Darüber hinaus hat die Beschwerde auch nicht ausreichend vorgetragen, dass trotz dieser vorhandenen höchstrichterlichen Rechtsprechung noch oder wieder Klärungsbedarf bestehe. Zwar sind die vom Kläger aufgezeigten Rechtsfragen auch Gegenstand einer anhängigen Revision (B 10 EG 5/16 R). Aber auch hierzu macht die Beschwerde keinerlei Ausführungen. Selbst eine bloße Bezugnahme auf ein anhängiges Revisionsverfahren reicht zur Darlegung der Klärungsbedürftigkeit nicht aus (BSG Beschluss vom 10.7.2013 - B 11 AL 59/13 B - Juris RdNr 8 mwN). Der Beschwerdeführer hat zudem nicht aufgezeigt, in welchem Umfang, von welcher Seite und mit welcher Begründung der Rechtsprechung widersprochen wird bzw die Beantwortung der Rechtsfragen umstritten ist (vgl BSG SozR 1500 § 160 Nr 51).

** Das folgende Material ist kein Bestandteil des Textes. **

(* Let $H\in\mathbb{R}^{n\times d}$ have rank $h$, $\Sigma\in\mathbb{R}^{n\times n}$ symmetric positive definite, $y\in\mathbb{R}^n$, $J\ge2$, and fix an initial ensemble $v_0^{(1)},\dots,v_0^{(J)}\in\mathbb{R}^d$ with empirical covariance $\Gamma_0$. Let $\varepsilon_i^{(j)}$, $i\ge0$, $j=1,\dots,J$, be i.i.d. $\mathcal{N}(0,\Sigma)$ random vectors. Define $C_0=H\Gamma_0H^\top$, $C_{i+1}=\Sigma-\Sigma(C_i+\Sigma)^{-1}\Sigma$, $\widetilde{\mathcal{M}}_i=\Sigma(C_i+\Sigma)^{-1}$, and the idealized misfits $$\tilde\theta_0^{(j)}=Hv_0^{(j)}-y,\qquad \tilde\theta_{i+1}^{(j)}=\widetilde{\mathcal{M}}_i\tilde\theta_i^{(j)}+(I-\widetilde{\mathcal{M}}_i)\varepsilon_i^{(j)}.$$ With $\widetilde{\mathcal{P}},\widetilde{\mathcal{Q}},\widetilde{\mathcal{N}}$ as defined in the context, for every $j=1,\dots,J$: (a) $\mathbb{E}[\|\widetilde{\mathcal{P}}\tilde\theta_i^{(j)}\|]=\mathcal{O}(i^{-1/2})$ as $i\to\infty$; (b) $\widetilde{\mathcal{Q}}\tilde\theta_i^{(j)}=\widetilde{\mathcal{Q}}\tilde\theta_0^{(j)}$ for all $i\ge0$; (c) $\widetilde{\mathcal{N}}\tilde\theta_i^{(j)}=\widetilde{\mathcal{N}}\tilde\theta_0^{(j)}$ for all $i\ge0$.
   Context: Empirical covariance: $\Gamma_0=\frac1{J-1}\sum_j(v_0^{(j)}-\bar v_0)(v_0^{(j)}-\bar v_0)^\top$, $\bar v_0=\frac1J\sum_jv_0^{(j)}$. Let $r$ be the number of positive eigenvalues of the pencil $C_0\tilde w=\tilde\delta\Sigma\tilde w$. Let $\tilde w_1,\dots,\tilde w_n$ be a basis of $\mathbb{R}^n$ with $\tilde w_k^\top\Sigma\tilde w_l$ equal to $1$ if $k=l$ and $0$ otherwise, such that each $\tilde w_\ell$ is a generalized eigenvector of $(C_i,\Sigma)$ for every $i\ge0$; $\tilde w_1,\dots,\tilde w_r\in\mathsf{Ran}(\Sigma^{-1}H)$ correspond to positive eigenvalues; $\tilde w_{r+1},\dots,\tilde w_h\in\mathsf{Ran}(\Sigma^{-1}H)$ correspond to eigenvalue zero; $\tilde w_{h+1},\dots,\tilde w_n\in\mathsf{Ker}(H^\top)$ correspond to eigenvalue zero. With $\widetilde W=[\tilde w_1,\dots,\tilde w_n]$ and $\widetilde W_{k:l}$ its columns $k$ through $l$, set $\widetilde{\mathcal{P}}=\Sigma\widetilde W_{1:r}\widetilde W_{1:r}^\top$, $\widetilde{\mathcal{Q}}=\Sigma\widetilde W_{r+1:h}\widetilde W_{r+1:h}^\top$, $\widetilde{\mathcal{N}}=\Sigma\widetilde W_{h+1:n}\widetilde W_{h+1:n}^\top$. The expectation is over the perturbations $\varepsilon_i^{(j)}$. *)

theory Defs
  imports "HOL-Analysis.Analysis" "HOL-Probability.Probability"
begin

3. Die Beschwerde ist somit ohne Zuziehung der ehrenamtlichen Richter zu verwerfen (§ 160a Abs 4 S 1 Halbs 2, § 169 SGG).
4. Von einer weiteren Begründung sieht der Senat ab (vgl § 160a Abs 4 S 2 Halbs 2 SGG).
5. Die Kostenentscheidung beruht auf der entsprechenden Anwendung des § 193 Abs 1 SGG.